→ **Your assignment**: Your task is to copy the lines of the data below from the line holding "(\<forall>X\<in>cObj C. mLunit" through the line holding "(\<forall>f\<in>cArr C. cComp C (mLunit", inclusive, exactly and with nothing added.
—————
(* Let $(F,\tilde F,F_0)$ be a monoidal functor from a monoidal category to a $K$-linear tensor category and let $\tilde F+\sum_{k=1}^nF^{(k)}\epsilon^k$ (with $F_0$ undeformed) be an $n$-th order proper deformation of $F$. Then each $F^{(k)}$ lies in $C^2(F)$, and the obstruction $\omega_{A,B,C}=\sum_{l+m=n+1,\ 1\le l,m\le n}\lceil (F^{(m)}_{A,B}\otimes F(C))\circ F^{(l)}_{A\otimes B,C}\rceil-\sum_{p+q=n+1,\ 1\le p,q\le n}\lceil (F(A)\otimes F^{(q)}_{B,C})\circ F^{(p)}_{A,B\otimes C}\rceil$ to extending it to an $(n+1)$-st order proper deformation is a 3-cocycle of the proper deformation complex $C^\bullet(F)$.
   Context: A monoidal functor $(F,\tilde F,F_0)$: natural iso $\tilde F_{A,B}:F(A\otimes B)\to F(A)\otimes F(B)$ and iso $F_0:F(I)\to I$ satisfying hexagon and unit squares. $X^n(F)=\mathrm{Nat}(F\circ{}^n\otimes,\ \otimes^n\circ F^n)$ (left/right-parenthesized $n$-fold products), $\lceil f\rceil$ = $f$ padded with canonical coherence isomorphisms (associators, unit constraints, $\tilde F$, $F_0$, inverses) to have source $F$(left-parenthesized product) and target the right-parenthesized product of the $F(A_i)$; coboundary $(\delta\varphi)_{A_1,\dots,A_{n+1}}=\lceil F(A_1)\otimes\varphi_{A_2,\dots}\rceil+\sum_{i=1}^n(-1)^i\lceil\varphi_{\dots,A_i\otimes A_{i+1},\dots}\rceil+(-1)^{n+1}\lceil\varphi_{A_1,\dots,A_n}\otimes F(A_{n+1})\rceil$. Proper complex: $C^n(F)=\{\varphi\in X^n(F):\varphi_{A_1,\dots,A_n}=0\text{ whenever some }A_i=I\}$. An $n$-th order proper deformation of $F$ is a monoidal functor $(F,\tilde F+\sum_{k=1}^nF^{(k)}\epsilon^k,F_0)$, $F^{(k)}\in X^2(F)$, same underlying functor and same $F_0$, into the trivial deformation of the target over $K[\epsilon]/\langle\epsilon^{n+1}\rangle$ (hom-spaces tensored, undeformed structure maps). Extension to order $n+1$ by a term $F^{(n+1)}\epsilon^{n+1}$ is possible precisely when $\delta F^{(n+1)}=\omega$ is solvable. *)

theory Defs
  imports Main
begin

record ('o, 'm) cat =
  cObj  :: "'o set"
  cArr  :: "'m set"
  cDom  :: "'m \<Rightarrow> 'o"
  cCod  :: "'m \<Rightarrow> 'o"
  cId   :: "'o \<Rightarrow> 'm"
  cComp :: "'m \<Rightarrow> 'm \<Rightarrow> 'm"   (* cComp g f = g o f *)

record ('o, 'm) moncat = "('o, 'm) cat" +
  mTo    :: "'o \<Rightarrow> 'o \<Rightarrow> 'o"
  mTm    :: "'m \<Rightarrow> 'm \<Rightarrow> 'm"
  mUnit  :: "'o"
  mAssoc :: "'o \<Rightarrow> 'o \<Rightarrow> 'o \<Rightarrow> 'm"    (* (X*Y)*Z -> X*(Y*Z) *)
  mLunit :: "'o \<Rightarrow> 'm"
  mRunit :: "'o \<Rightarrow> 'm"

record ('k, 'o, 'm) linmoncat = "('o, 'm) moncat" +
  lZero :: "'o \<Rightarrow> 'o \<Rightarrow> 'm"
  lAdd  :: "'m \<Rightarrow> 'm \<Rightarrow> 'm"
  lSmul :: "'k \<Rightarrow> 'm \<Rightarrow> 'm"

definition Hom where
  "Hom C X Y = {f \<in> cArr C. cDom C f = X \<and> cCod C f = Y}"

definition is_cat where
  "is_cat C \<longleftrightarrow>
     (\<forall>X\<in>cObj C. cId C X \<in> Hom C X X) \<and>
     (\<forall>f\<in>cArr C. cDom C f \<in> cObj C \<and> cCod C f \<in> cObj C) \<and>
     (\<forall>f\<in>cArr C. \<forall>g\<in>cArr C. cCod C f = cDom C g \<longrightarrow>
         cComp C g f \<in> Hom C (cDom C f) (cCod C g)) \<and>
     (\<forall>f\<in>cArr C. cComp C f (cId C (cDom C f)) = f \<and> cComp C (cId C (cCod C f)) f = f) \<and>
     (\<forall>f\<in>cArr C. \<forall>g\<in>cArr C. \<forall>h\<in>cArr C. cCod C f = cDom C g \<and> cCod C g = cDom C h \<longrightarrow>
         cComp C h (cComp C g f) = cComp C (cComp C h g) f)"

definition iso where
  "iso C f \<longleftrightarrow> f \<in> cArr C \<and>
     (\<exists>g\<in>Hom C (cCod C f) (cDom C f).
        cComp C g f = cId C (cDom C f) \<and> cComp C f g = cId C (cCod C f))"

definition is_moncat where
  "is_moncat C \<longleftrightarrow> is_cat C \<and>
     mUnit C \<in> cObj C \<and>
     (\<forall>X\<in>cObj C. \<forall>Y\<in>cObj C. mTo C X Y \<in> cObj C) \<and>
     (\<forall>f\<in>cArr C. \<forall>g\<in>cArr C.
        mTm C f g \<in> Hom C (mTo C (cDom C f) (cDom C g)) (mTo C (cCod C f) (cCod C g))) \<and>
     (\<forall>X\<in>cObj C. \<forall>Y\<in>cObj C. mTm C (cId C X) (cId C Y) = cId C (mTo C X Y)) \<and>
     (\<forall>f\<in>cArr C. \<forall>g\<in>cArr C. \<forall>f'\<in>cArr C. \<forall>g'\<in>cArr C.
        cCod C f = cDom C g \<and> cCod C f' = cDom C g' \<longrightarrow>
        mTm C (cComp C g f) (cComp C g' f') = cComp C (mTm C g g') (mTm C f f')) \<and>
     (\<forall>X\<in>cObj C. \<forall>Y\<in>cObj C. \<forall>Z\<in>cObj C.
        mAssoc C X Y Z \<in> Hom C (mTo C (mTo C X Y) Z) (mTo C X (mTo C Y Z)) \<and>
        iso C (mAssoc C X Y Z)) \<and>
     (\<forall>X\<in>cObj C. mLunit C X \<in> Hom C (mTo C (mUnit C) X) X \<and> iso C (mLunit C X)) \<and>
     (\<forall>X\<in>cObj C. mRunit C X \<in> Hom C (mTo C X (mUnit C)) X \<and> iso C (mRunit C X)) \<and>
     (\<forall>f\<in>cArr C. \<forall>g\<in>cArr C. \<forall>h\<in>cArr C.
        cComp C (mAssoc C (cCod C f) (cCod C g) (cCod C h)) (mTm C (mTm C f g) h)
        = cComp C (mTm C f (mTm C g h)) (mAssoc C (cDom C f) (cDom C g) (cDom C h))) \<and>
     (\<forall>f\<in>cArr C. cComp C (mLunit C (cCod C f)) (mTm C (cId C (mUnit C)) f)
                   = cComp C f (mLunit C (cDom C f))) \<and>
     (\<forall>f\<in>cArr C. cComp C (mRunit C (cCod C f)) (mTm C f (cId C (mUnit C)))
                   = cComp C f (mRunit C (cDom C f))) \<and>
     (\<forall>W\<in>cObj C. \<forall>X\<in>cObj C. \<forall>Y\<in>cObj C. \<forall>Z\<in>cObj C.
        cComp C (mTm C (cId C W) (mAssoc C X Y Z))
          (cComp C (mAssoc C W (mTo C X Y) Z) (mTm C (mAssoc C W X Y) (cId C Z)))
        = cComp C (mAssoc C W X (mTo C Y Z)) (mAssoc C (mTo C W X) Y Z)) \<and>
     (\<forall>X\<in>cObj C. \<forall>Y\<in>cObj C.
        cComp C (mTm C (cId C X) (mLunit C Y)) (mAssoc C X (mUnit C) Y)
        = mTm C (mRunit C X) (cId C Y))"

definition is_linmoncat where
  "is_linmoncat D \<longleftrightarrow> is_moncat D \<and>
     (\<forall>X\<in>cObj D. \<forall>Y\<in>cObj D.
        lZero D X Y \<in> Hom D X Y \<and>
        (\<forall>f\<in>Hom D X Y. \<forall>g\<in>Hom D X Y. lAdd D f g \<in> Hom D X Y) \<and>
        (\<forall>c. \<forall>f\<in>Hom D X Y. lSmul D c f \<in> Hom D X Y) \<and>
        (\<forall>f\<in>Hom D X Y. \<forall>g\<in>Hom D X Y. \<forall>h\<in>Hom D X Y.
            lAdd D (lAdd D f g) h = lAdd D f (lAdd D g h)) \<and>
        (\<forall>f\<in>Hom D X Y. \<forall>g\<in>Hom D X Y. lAdd D f g = lAdd D g f) \<and>
        (\<forall>f\<in>Hom D X Y. lAdd D (lZero D X Y) f = f) \<and>
        (\<forall>f\<in>Hom D X Y. lAdd D f (lSmul D (-1) f) = lZero D X Y) \<and>
        (\<forall>c. \<forall>f\<in>Hom D X Y. \<forall>g\<in>Hom D X Y.
            lSmul D c (lAdd D f g) = lAdd D (lSmul D c f) (lSmul D c g)) \<and>
        (\<forall>c d. \<forall>f\<in>Hom D X Y. lSmul D (c + d) f = lAdd D (lSmul D c f) (lSmul D d f)) \<and>
        (\<forall>c d. \<forall>f\<in>Hom D X Y. lSmul D (c * d) f = lSmul D c (lSmul D d f)) \<and>
        (\<forall>f\<in>Hom D X Y. lSmul D 1 f = f)) \<and>
     (\<forall>X\<in>cObj D. \<forall>Y\<in>cObj D. \<forall>Z\<in>cObj D.
        (\<forall>g\<in>Hom D Y Z. \<forall>f\<in>Hom D X Y. \<forall>f'\<in>Hom D X Y.
            cComp D g (lAdd D f f') = lAdd D (cComp D g f) (cComp D g f')) \<and>
        (\<forall>g\<in>Hom D Y Z. \<forall>g'\<in>Hom D Y Z. \<forall>f\<in>Hom D X Y.
            cComp D (lAdd D g g') f = lAdd D (cComp D g f) (cComp D g' f)) \<and>
        (\<forall>c. \<forall>g\<in>Hom D Y Z. \<forall>f\<in>Hom D X Y.
            cComp D g (lSmul D c f) = lSmul D c (cComp D g f) \<and>
            cComp D (lSmul D c g) f = lSmul D c (cComp D g f))) \<and>
     (\<forall>X\<in>cObj D. \<forall>Y\<in>cObj D. \<forall>X'\<in>cObj D. \<forall>Y'\<in>cObj D.
        (\<forall>f\<in>Hom D X Y. \<forall>f'\<in>Hom D X Y. \<forall>g\<in>Hom D X' Y'.
            mTm D (lAdd D f f') g = lAdd D (mTm D f g) (mTm D f' g)) \<and>
        (\<forall>f\<in>Hom D X Y. \<forall>g\<in>Hom D X' Y'. \<forall>g'\<in>Hom D X' Y'.
            mTm D f (lAdd D g g') = lAdd D (mTm D f g) (mTm D f g')) \<and>
        (\<forall>c. \<forall>f\<in>Hom D X Y. \<forall>g\<in>Hom D X' Y'.
            mTm D (lSmul D c f) g = lSmul D c (mTm D f g) \<and>
            mTm D f (lSmul D c g) = lSmul D c (mTm D f g)))"

fun lsum where
  "lsum D X Y f 0 = lZero D X Y"
| "lsum D X Y f (Suc m) = lAdd D (lsum D X Y f m) (f m)"

definition lneg where
  "lneg D f = lSmul D (-1) f"

definition is_functor where
  "is_functor C D FO FM \<longleftrightarrow>
     (\<forall>X\<in>cObj C. FO X \<in> cObj D) \<and>
     (\<forall>f\<in>cArr C. FM f \<in> Hom D (FO (cDom C f)) (FO (cCod C f))) \<and>
     (\<forall>X\<in>cObj C. FM (cId C X) = cId D (FO X)) \<and>
     (\<forall>f\<in>cArr C. \<forall>g\<in>cArr C. cCod C f = cDom C g \<longrightarrow>
        FM (cComp C g f) = cComp D (FM g) (FM f))"

definition is_monfun where
  "is_monfun C D FO FM Ft F0 \<longleftrightarrow> is_moncat C \<and> is_moncat D \<and> is_functor C D FO FM \<and>
     (\<forall>X\<in>cObj C. \<forall>Y\<in>cObj C.
        Ft X Y \<in> Hom D (FO (mTo C X Y)) (mTo D (FO X) (FO Y)) \<and> iso D (Ft X Y)) \<and>
     (\<forall>f\<in>cArr C. \<forall>g\<in>cArr C.
        cComp D (Ft (cCod C f) (cCod C g)) (FM (mTm C f g))
        = cComp D (mTm D (FM f) (FM g)) (Ft (cDom C f) (cDom C g))) \<and>
     F0 \<in> Hom D (FO (mUnit C)) (mUnit D) \<and> iso D F0 \<and>
     (\<forall>X\<in>cObj C. \<forall>Y\<in>cObj C. \<forall>Z\<in>cObj C.
        cComp D (mAssoc D (FO X) (FO Y) (FO Z))
          (cComp D (mTm D (Ft X Y) (cId D (FO Z))) (Ft (mTo C X Y) Z))
        = cComp D (mTm D (cId D (FO X)) (Ft Y Z))
            (cComp D (Ft X (mTo C Y Z)) (FM (mAssoc C X Y Z)))) \<and>
     (\<forall>X\<in>cObj C. FM (mLunit C X)
        = cComp D (mLunit D (FO X)) (cComp D (mTm D F0 (cId D (FO X))) (Ft (mUnit C) X))) \<and>
     (\<forall>X\<in>cObj C. FM (mRunit C X)
        = cComp D (mRunit D (FO X)) (cComp D (mTm D (cId D (FO X)) F0) (Ft X (mUnit C))))"

section \<open>Trivial deformation over K[eps]/(eps^(n+1))\<close>

text \<open>A morphism of the deformed category is a coefficient sequence p with p k in Hom X Y
  for k <= n and p k = 0 for k > n (it stands for sum_k p k eps^k).\<close>

definition pconst where
  "pconst D (n::nat) f = (\<lambda>k::nat. if k = 0 then f else lZero D (cDom D f) (cCod D f))"

definition tdef where
  "tdef D n = \<lparr>
     cObj = cObj D,
     cArr = {p. p 0 \<in> cArr D \<and>
                (\<forall>k\<le>n. p k \<in> Hom D (cDom D (p 0)) (cCod D (p 0))) \<and>
                (\<forall>k>n. p k = lZero D (cDom D (p 0)) (cCod D (p 0)))},
     cDom = (\<lambda>p. cDom D (p 0)),
     cCod = (\<lambda>p. cCod D (p 0)),
     cId = (\<lambda>X. pconst D n (cId D X)),
     cComp = (\<lambda>q p k. if k \<le> n
               then lsum D (cDom D (p 0)) (cCod D (q 0)) (\<lambda>i. cComp D (q i) (p (k - i))) (Suc k)
               else lZero D (cDom D (p 0)) (cCod D (q 0))),
     mTo = mTo D,
     mTm = (\<lambda>p q k. if k \<le> n
               then lsum D (mTo D (cDom D (p 0)) (cDom D (q 0))) (mTo D (cCod D (p 0)) (cCod D (q 0)))
                      (\<lambda>i. mTm D (p i) (q (k - i))) (Suc k)
               else lZero D (mTo D (cDom D (p 0)) (cDom D (q 0))) (mTo D (cCod D (p 0)) (cCod D (q 0)))),
     mUnit = mUnit D,
     mAssoc = (\<lambda>X Y Z. pconst D n (mAssoc D X Y Z)),
     mLunit = (\<lambda>X. pconst D n (mLunit D X)),
     mRunit = (\<lambda>X. pconst D n (mRunit D X)),
     lZero = (\<lambda>X Y (k::nat). lZero D X Y),
     lAdd = (\<lambda>p q (k::nat). lAdd D (p k) (q k)),
     lSmul = (\<lambda>c p (k::nat). lSmul D c (p k)) \<rparr>"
—————
→ **Exercise solution**:
     (\<forall>X\<in>cObj C. mLunit C X \<in> Hom C (mTo C (mUnit C) X) X \<and> iso C (mLunit C X)) \<and>
     (\<forall>X\<in>cObj C. mRunit C X \<in> Hom C (mTo C X (mUnit C)) X \<and> iso C (mRunit C X)) \<and>
     (\<forall>f\<in>cArr C. \<forall>g\<in>cArr C. \<forall>h\<in>cArr C.
        cComp C (mAssoc C (cCod C f) (cCod C g) (cCod C h)) (mTm C (mTm C f g) h)
        = cComp C (mTm C f (mTm C g h)) (mAssoc C (cDom C f) (cDom C g) (cDom C h))) \<and>
     (\<forall>f\<in>cArr C. cComp C (mLunit C (cCod C f)) (mTm C (cId C (mUnit C)) f)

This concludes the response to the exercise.